Han Solo dies. Nominally to make way for the new generation of heroes but likely a) because JJ Abrams is limited enough in his imagination to think this will be shocking and b) Harrison Ford didn’t want to get dragged along for three more of these films. He looks half-dead in the trailers as it is.


I honestly cringe every time I see that. It’s such a perfect synecdoche for the whole Star Wars 2.0 phenomenon: repackaging beloved pop culture of yesteryear to be sold as the newest Disney product.

They don’t even bother to advance the plot from the original trilogy. That hard won battle where the teddy bears killed all the Space Nazis and Luke reconciled with his father? Flushed down the tubes, now we’ve got a New Empire and New Alliance to re-enact the battles presented on the screen thirty years ago. Why? Why not?
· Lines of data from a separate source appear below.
theorem theorem2:
  fixes V :: "'a set" and E :: "'a \<Rightarrow> 'a \<Rightarrow> bool" and k R :: nat
    and H :: "'a set \<Rightarrow> 'a set \<Rightarrow> complex" and Ep :: "nat \<Rightarrow> complex"
  assumes "simple_graph V E" and "connected_graph V E"
    and "0 < k" and "0 < R"
    and "card V > 2 * k * (max_degree V E ^ (4 * R) + 1)"
    and "local_op V E k R H"
    and "\<forall>p \<le> card V. \<forall>y \<subseteq> V. apply_op V H (Wstate V p) y = Ep p * Wstate V p y"
  shows "\<exists>\<Omega> \<omega> :: complex. \<forall>p \<le> card V. Ep p = \<Omega> + \<omega> * of_nat p"
proof -
  have fin: "finite V" using assms(1) unfolding simple_graph_def by blast
  have "2 * (max_degree V E ^ (4 * R) + 1) \<le> 2 * k * (max_degree V E ^ (4 * R) + 1)"
    using assms(3) by (intro mult_right_mono) auto
  then have large: "2 * (max_degree V E ^ (4 * R) + 1) < card V" using assms(5) by (rule le_less_trans)
  have "max_degree V E ^ R \<le> max_degree V E ^ (4 * R)"
    using assms(4) by (cases "max_degree V E = 0") (simp_all add: power_increasing zero_power)
  also have "\<dots> < 2 * (max_degree V E ^ (4 * R) + 1)" by simp
  finally have "max_degree V E ^ R < card V" using large by (rule less_trans)
  moreover have "2 < card V"
    using large by (rule le_less_trans[rotated]) simp
  ultimately obtain u v where uv: "u \<in> V" "v \<in> V" "R \<le> gdist E u v"
    using exists_far_pair[OF assms(1,2)] by blast
  then have "u \<noteq> v" using assms(4) by auto
  have "Ep p = Ep 0 + (Ep 1 - Ep 0) * of_nat p" if "p \<le> card V" for p
    using linear_if_second_differences_vanish[OF eigenvalue_second_difference[OF fin assms(6,7)
        uv(1,2) \<open>u \<noteq> v\<close> uv(3)] that] .
  then show ?thesis by blast
qed

end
Maybe the studio accountants were scared too many new ideas might rub people the wrong way, like with the prequels. Those films attempted to tell a new story in the same universe but are reviled for bad dialogue, wooden acting, and bleeping-blooping effects that are seizure inducing. The new plot, even with its inherently reactionary politics, was the lesser problem.
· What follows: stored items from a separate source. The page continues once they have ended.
text \<open>Write \<open>w(u) = d - B1 x - E u\<close>, so that the recourse value is the LP value
  \<open>Q(u) = min {c2 y : y \<ge> 0, B2 y \<ge> w(u)}\<close>. By Farkas' lemma this LP is infeasible
  exactly when some extreme ray \<open>\<gamma>\<close> of \<open>\<Pi>\<close> has \<open>\<gamma> w(u) > 0\<close>; otherwise, \<open>\<Pi>\<close> being
  nonempty by (A3), strong duality gives \<open>Q(u) = \<pi> w(u)\<close> for a vertex \<open>\<pi>\<close> of \<open>\<Pi>\<close>.
  As \<open>\<beta> w(u)\<close> and the objective defining \<open>OU(x, \<beta>)\<close> differ by a constant, in the first
  case every point of \<open>OU(x, \<gamma>)\<close> has \<open>Q = \<infinity>\<close>. In the second case
  \<open>Q(v) = \<pi> w(v) \<le> \<pi> w(u\<^sub>\<pi>) \<le> Q(u\<^sub>\<pi>)\<close> for \<open>u\<^sub>\<pi> \<in> OU(x, \<pi>)\<close>, so the best of the
  finitely many vertices yields a maximiser. Compactness of \<open>U(x)\<close> (A2) makes every
  \<open>OU(x, \<beta>)\<close> nonempty.\<close>

definition lp_feasible :: "real ^ 'ny ^ 'm \<Rightarrow> real ^ 'm \<Rightarrow> (real ^ 'ny) set" where
  "lp_feasible B2 w = {y. nonneg y \<and> vle w (B2 *v y)}"

definition lp_value :: "real ^ 'ny \<Rightarrow> real ^ 'ny ^ 'm \<Rightarrow> real ^ 'm \<Rightarrow> ereal" where
  "lp_value c2 B2 w = (INF y\<in>lp_feasible B2 w. ereal (c2 \<bullet> y))"

definition maximizers :: "'a set \<Rightarrow> ('a \<Rightarrow> real) \<Rightarrow> 'a set" where
  "maximizers U f = {u \<in> U. \<forall>v\<in>U. f v \<le> f u}"

lemma Yset_eq_lp_feasible: "Yset B2 d B1 E x u = lp_feasible B2 (d - B1 *v x - E *v u)"
  by (simp add: Yset_def lp_feasible_def)

lemma Qval_eq_lp_value: "Qval c2 B2 d B1 E x u = lp_value c2 B2 (d - B1 *v x - E *v u)"
  by (simp add: Qval_def lp_value_def Yset_eq_lp_feasible)

lemma OU_eq_maximizers:
  "OU F h G E x \<beta> = maximizers (Uset F h G x) (\<lambda>u. \<beta> \<bullet> (d - B1 *v x - E *v u))"
  by (auto simp: OU_def maximizers_def inner_diff_right inner_commute)

lemma maximizers_nonempty_compact:
  fixes f :: "'a::topological_space \<Rightarrow> real"
  assumes "compact U" "U \<noteq> {}" "continuous_on U f"
  shows "maximizers U f \<noteq> {}"
  using continuous_attains_sup[OF assms] by (auto simp: maximizers_def)

lemma maximizers_nonempty_finite:
  assumes "finite U" "U \<noteq> {}"
  shows "maximizers U f \<noteq> {}"
proof -
  have "Max (f ` U) \<in> f ` U" using assms by simp
  then obtain u where "u \<in> U" "f u = Max (f ` U)" by force
  then show ?thesis using assms by (auto simp: maximizers_def)
qed

lemma inner_le_inner_nonneg:
  fixes p a b :: "real ^ 'n"
  assumes "nonneg p" "vle a b"
  shows "p \<bullet> a \<le> p \<bullet> b"
  using assms unfolding inner_vec_def nonneg_def vle_def
  by (intro sum_mono) (simp add: mult_left_mono)

lemma norm_le_inner_one_nonneg:
  assumes "nonneg (x :: real ^ 'n)"
  shows "norm x \<le> (\<chi> i. 1) \<bullet> x"
proof -
  have "norm x \<le> (\<Sum>i\<in>UNIV. \<bar>x $ i\<bar>)" by (rule norm_le_l1_cart)
  also have "\<dots> = (\<chi> i. 1) \<bullet> x" using assms by (simp add: nonneg_def inner_vec_def)
  finally show ?thesis .
qed

lemma convex_cone_nonneg: "convex_cone {x :: real ^ 'n. nonneg x}"
  by (auto simp: convex_cone_iff nonneg_def)

section \<open>Weak duality for the second-stage LP\<close>

lemma PiSet_inner_le:
  assumes "\<pi> \<in> PiSet B2 c2" "y \<in> lp_feasible B2 w"
  shows "\<pi> \<bullet> w \<le> c2 \<bullet> y"
proof -
  have "\<pi> \<bullet> w \<le> \<pi> \<bullet> (B2 *v y)"
    using assms by (intro inner_le_inner_nonneg) (auto simp: PiSet_def lp_feasible_def)
  also have "\<dots> = y \<bullet> (transpose B2 *v \<pi>)"
    by (metis dot_lmul_matrix inner_commute transpose_matrix_vector)
  also have "\<dots> \<le> y \<bullet> c2"
    using assms by (intro inner_le_inner_nonneg) (auto simp: PiSet_def lp_feasible_def)
  finally show ?thesis by (simp add: inner_commute)
qed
What is there to say about Star Wars Another One? If you liked the originals, you’ll like this? Why not just watch the originals instead of rehashing them, right down to the death of the white haired mentor?

Because then there wouldn’t be a New Thing for geek culture to mindlessly consume. Star Wars is perfect for that because it has always been spectacle without substance:

The story of the hero and the great evil can admit no particularities; the Galactic Empire doesn’t have anything as crude as an actual name; the Rebel Alliance isn’t burdened by anything so weighty as an explicit ideology. All we are allowed to know is that one side is good and the other is villainous — we’re told, in those scrolling-text intros.

In this context, you see how killing off bandit hero Han Solo is both the laziest and safest “twist” Abrams and company could do. It takes all possible drama from a galaxy spanning war and reduces it to bathos over an archetype that was already moldy when George Lucas first presented this human centipede of EE Smith and Dune back in 1977. All in service of a narrative that has happened before and will happen again. And again and again...

And on the same day America embraced this Big Mac of a movie, Hillary Clinton and the DNC orchestrated the demise of the Bernie Sanders campaign.